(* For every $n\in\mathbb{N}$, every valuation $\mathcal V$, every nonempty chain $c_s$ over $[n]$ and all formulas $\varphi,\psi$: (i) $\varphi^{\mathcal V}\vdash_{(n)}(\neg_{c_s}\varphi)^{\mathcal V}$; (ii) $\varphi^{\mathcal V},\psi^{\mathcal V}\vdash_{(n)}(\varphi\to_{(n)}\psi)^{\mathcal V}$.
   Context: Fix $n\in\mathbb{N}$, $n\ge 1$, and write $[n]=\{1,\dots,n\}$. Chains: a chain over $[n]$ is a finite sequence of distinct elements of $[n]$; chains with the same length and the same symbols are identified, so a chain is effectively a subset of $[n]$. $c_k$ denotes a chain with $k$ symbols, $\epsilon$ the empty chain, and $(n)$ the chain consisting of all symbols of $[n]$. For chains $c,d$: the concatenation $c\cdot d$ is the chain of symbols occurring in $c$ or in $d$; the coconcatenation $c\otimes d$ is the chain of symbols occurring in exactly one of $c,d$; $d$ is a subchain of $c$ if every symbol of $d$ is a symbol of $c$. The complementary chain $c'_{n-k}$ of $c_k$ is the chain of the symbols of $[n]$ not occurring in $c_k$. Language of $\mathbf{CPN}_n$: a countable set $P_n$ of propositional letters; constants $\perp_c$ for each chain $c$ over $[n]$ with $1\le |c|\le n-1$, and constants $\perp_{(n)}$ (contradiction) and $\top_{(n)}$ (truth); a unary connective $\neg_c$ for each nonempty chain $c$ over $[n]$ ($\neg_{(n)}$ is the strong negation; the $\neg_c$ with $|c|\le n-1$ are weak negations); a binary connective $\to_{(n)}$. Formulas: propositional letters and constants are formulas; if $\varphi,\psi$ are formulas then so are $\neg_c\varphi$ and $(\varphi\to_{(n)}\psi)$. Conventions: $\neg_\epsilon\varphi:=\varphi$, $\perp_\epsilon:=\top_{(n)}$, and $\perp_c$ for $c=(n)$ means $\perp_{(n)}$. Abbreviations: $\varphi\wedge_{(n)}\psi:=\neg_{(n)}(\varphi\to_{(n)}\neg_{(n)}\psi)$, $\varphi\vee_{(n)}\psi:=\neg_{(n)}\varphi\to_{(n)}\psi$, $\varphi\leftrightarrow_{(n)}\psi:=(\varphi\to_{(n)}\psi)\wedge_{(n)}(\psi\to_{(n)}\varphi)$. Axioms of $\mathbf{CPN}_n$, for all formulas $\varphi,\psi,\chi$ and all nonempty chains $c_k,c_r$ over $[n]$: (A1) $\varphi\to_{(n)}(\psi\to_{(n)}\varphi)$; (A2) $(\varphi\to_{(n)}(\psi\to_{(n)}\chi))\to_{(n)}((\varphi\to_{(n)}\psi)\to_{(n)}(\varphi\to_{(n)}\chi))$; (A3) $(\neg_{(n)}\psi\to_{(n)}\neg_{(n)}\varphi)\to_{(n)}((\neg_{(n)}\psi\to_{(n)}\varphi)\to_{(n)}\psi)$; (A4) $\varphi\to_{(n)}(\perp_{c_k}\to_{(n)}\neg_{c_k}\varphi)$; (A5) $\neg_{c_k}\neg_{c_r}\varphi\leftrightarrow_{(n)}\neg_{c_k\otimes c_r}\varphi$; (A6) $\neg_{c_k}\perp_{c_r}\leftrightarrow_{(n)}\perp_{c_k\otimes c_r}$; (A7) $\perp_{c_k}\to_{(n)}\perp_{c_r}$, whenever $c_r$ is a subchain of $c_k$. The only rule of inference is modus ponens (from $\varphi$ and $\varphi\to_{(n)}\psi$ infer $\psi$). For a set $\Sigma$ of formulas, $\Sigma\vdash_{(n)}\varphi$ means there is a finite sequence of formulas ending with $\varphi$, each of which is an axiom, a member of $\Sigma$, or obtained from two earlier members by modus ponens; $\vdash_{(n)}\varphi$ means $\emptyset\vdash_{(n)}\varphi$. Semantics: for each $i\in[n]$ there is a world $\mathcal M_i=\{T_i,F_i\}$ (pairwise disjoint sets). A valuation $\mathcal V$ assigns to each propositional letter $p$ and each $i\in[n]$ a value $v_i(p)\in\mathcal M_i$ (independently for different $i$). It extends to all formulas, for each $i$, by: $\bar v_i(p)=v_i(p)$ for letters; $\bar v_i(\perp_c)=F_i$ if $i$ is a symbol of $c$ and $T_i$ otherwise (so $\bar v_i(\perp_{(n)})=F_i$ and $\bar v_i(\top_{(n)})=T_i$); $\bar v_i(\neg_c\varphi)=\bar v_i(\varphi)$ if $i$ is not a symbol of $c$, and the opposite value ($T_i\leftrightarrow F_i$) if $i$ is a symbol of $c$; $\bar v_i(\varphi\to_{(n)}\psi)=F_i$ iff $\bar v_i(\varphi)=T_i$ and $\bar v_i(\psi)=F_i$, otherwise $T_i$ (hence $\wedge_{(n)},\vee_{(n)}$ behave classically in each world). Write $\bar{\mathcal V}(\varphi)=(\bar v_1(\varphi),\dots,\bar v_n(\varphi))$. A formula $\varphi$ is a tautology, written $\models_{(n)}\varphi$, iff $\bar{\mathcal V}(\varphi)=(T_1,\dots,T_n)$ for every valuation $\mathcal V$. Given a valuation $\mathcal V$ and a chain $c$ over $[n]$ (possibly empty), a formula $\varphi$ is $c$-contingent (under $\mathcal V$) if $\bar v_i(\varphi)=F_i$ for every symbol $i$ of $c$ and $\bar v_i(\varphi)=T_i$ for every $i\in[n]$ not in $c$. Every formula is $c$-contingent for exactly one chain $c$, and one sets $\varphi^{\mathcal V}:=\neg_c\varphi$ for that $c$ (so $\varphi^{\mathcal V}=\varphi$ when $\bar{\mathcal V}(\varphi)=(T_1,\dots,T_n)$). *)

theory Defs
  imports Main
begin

* * * * *

| What is being asked |
Output the listing above in full. Every line must match.

| Written solution |
(* For every $n\in\mathbb{N}$, every valuation $\mathcal V$, every nonempty chain $c_s$ over $[n]$ and all formulas $\varphi,\psi$: (i) $\varphi^{\mathcal V}\vdash_{(n)}(\neg_{c_s}\varphi)^{\mathcal V}$; (ii) $\varphi^{\mathcal V},\psi^{\mathcal V}\vdash_{(n)}(\varphi\to_{(n)}\psi)^{\mathcal V}$.
   Context: Fix $n\in\mathbb{N}$, $n\ge 1$, and write $[n]=\{1,\dots,n\}$. Chains: a chain over $[n]$ is a finite sequence of distinct elements of $[n]$; chains with the same length and the same symbols are identified, so a chain is effectively a subset of $[n]$. $c_k$ denotes a chain with $k$ symbols, $\epsilon$ the empty chain, and $(n)$ the chain consisting of all symbols of $[n]$. For chains $c,d$: the concatenation $c\cdot d$ is the chain of symbols occurring in $c$ or in $d$; the coconcatenation $c\otimes d$ is the chain of symbols occurring in exactly one of $c,d$; $d$ is a subchain of $c$ if every symbol of $d$ is a symbol of $c$. The complementary chain $c'_{n-k}$ of $c_k$ is the chain of the symbols of $[n]$ not occurring in $c_k$. Language of $\mathbf{CPN}_n$: a countable set $P_n$ of propositional letters; constants $\perp_c$ for each chain $c$ over $[n]$ with $1\le |c|\le n-1$, and constants $\perp_{(n)}$ (contradiction) and $\top_{(n)}$ (truth); a unary connective $\neg_c$ for each nonempty chain $c$ over $[n]$ ($\neg_{(n)}$ is the strong negation; the $\neg_c$ with $|c|\le n-1$ are weak negations); a binary connective $\to_{(n)}$. Formulas: propositional letters and constants are formulas; if $\varphi,\psi$ are formulas then so are $\neg_c\varphi$ and $(\varphi\to_{(n)}\psi)$. Conventions: $\neg_\epsilon\varphi:=\varphi$, $\perp_\epsilon:=\top_{(n)}$, and $\perp_c$ for $c=(n)$ means $\perp_{(n)}$. Abbreviations: $\varphi\wedge_{(n)}\psi:=\neg_{(n)}(\varphi\to_{(n)}\neg_{(n)}\psi)$, $\varphi\vee_{(n)}\psi:=\neg_{(n)}\varphi\to_{(n)}\psi$, $\varphi\leftrightarrow_{(n)}\psi:=(\varphi\to_{(n)}\psi)\wedge_{(n)}(\psi\to_{(n)}\varphi)$. Axioms of $\mathbf{CPN}_n$, for all formulas $\varphi,\psi,\chi$ and all nonempty chains $c_k,c_r$ over $[n]$: (A1) $\varphi\to_{(n)}(\psi\to_{(n)}\varphi)$; (A2) $(\varphi\to_{(n)}(\psi\to_{(n)}\chi))\to_{(n)}((\varphi\to_{(n)}\psi)\to_{(n)}(\varphi\to_{(n)}\chi))$; (A3) $(\neg_{(n)}\psi\to_{(n)}\neg_{(n)}\varphi)\to_{(n)}((\neg_{(n)}\psi\to_{(n)}\varphi)\to_{(n)}\psi)$; (A4) $\varphi\to_{(n)}(\perp_{c_k}\to_{(n)}\neg_{c_k}\varphi)$; (A5) $\neg_{c_k}\neg_{c_r}\varphi\leftrightarrow_{(n)}\neg_{c_k\otimes c_r}\varphi$; (A6) $\neg_{c_k}\perp_{c_r}\leftrightarrow_{(n)}\perp_{c_k\otimes c_r}$; (A7) $\perp_{c_k}\to_{(n)}\perp_{c_r}$, whenever $c_r$ is a subchain of $c_k$. The only rule of inference is modus ponens (from $\varphi$ and $\varphi\to_{(n)}\psi$ infer $\psi$). For a set $\Sigma$ of formulas, $\Sigma\vdash_{(n)}\varphi$ means there is a finite sequence of formulas ending with $\varphi$, each of which is an axiom, a member of $\Sigma$, or obtained from two earlier members by modus ponens; $\vdash_{(n)}\varphi$ means $\emptyset\vdash_{(n)}\varphi$. Semantics: for each $i\in[n]$ there is a world $\mathcal M_i=\{T_i,F_i\}$ (pairwise disjoint sets). A valuation $\mathcal V$ assigns to each propositional letter $p$ and each $i\in[n]$ a value $v_i(p)\in\mathcal M_i$ (independently for different $i$). It extends to all formulas, for each $i$, by: $\bar v_i(p)=v_i(p)$ for letters; $\bar v_i(\perp_c)=F_i$ if $i$ is a symbol of $c$ and $T_i$ otherwise (so $\bar v_i(\perp_{(n)})=F_i$ and $\bar v_i(\top_{(n)})=T_i$); $\bar v_i(\neg_c\varphi)=\bar v_i(\varphi)$ if $i$ is not a symbol of $c$, and the opposite value ($T_i\leftrightarrow F_i$) if $i$ is a symbol of $c$; $\bar v_i(\varphi\to_{(n)}\psi)=F_i$ iff $\bar v_i(\varphi)=T_i$ and $\bar v_i(\psi)=F_i$, otherwise $T_i$ (hence $\wedge_{(n)},\vee_{(n)}$ behave classically in each world). Write $\bar{\mathcal V}(\varphi)=(\bar v_1(\varphi),\dots,\bar v_n(\varphi))$. A formula $\varphi$ is a tautology, written $\models_{(n)}\varphi$, iff $\bar{\mathcal V}(\varphi)=(T_1,\dots,T_n)$ for every valuation $\mathcal V$. Given a valuation $\mathcal V$ and a chain $c$ over $[n]$ (possibly empty), a formula $\varphi$ is $c$-contingent (under $\mathcal V$) if $\bar v_i(\varphi)=F_i$ for every symbol $i$ of $c$ and $\bar v_i(\varphi)=T_i$ for every $i\in[n]$ not in $c$. Every formula is $c$-contingent for exactly one chain $c$, and one sets $\varphi^{\mathcal V}:=\neg_c\varphi$ for that $c$ (so $\varphi^{\mathcal V}=\varphi$ when $\bar{\mathcal V}(\varphi)=(T_1,\dots,T_n)$). *)

theory Defs
  imports Main
begin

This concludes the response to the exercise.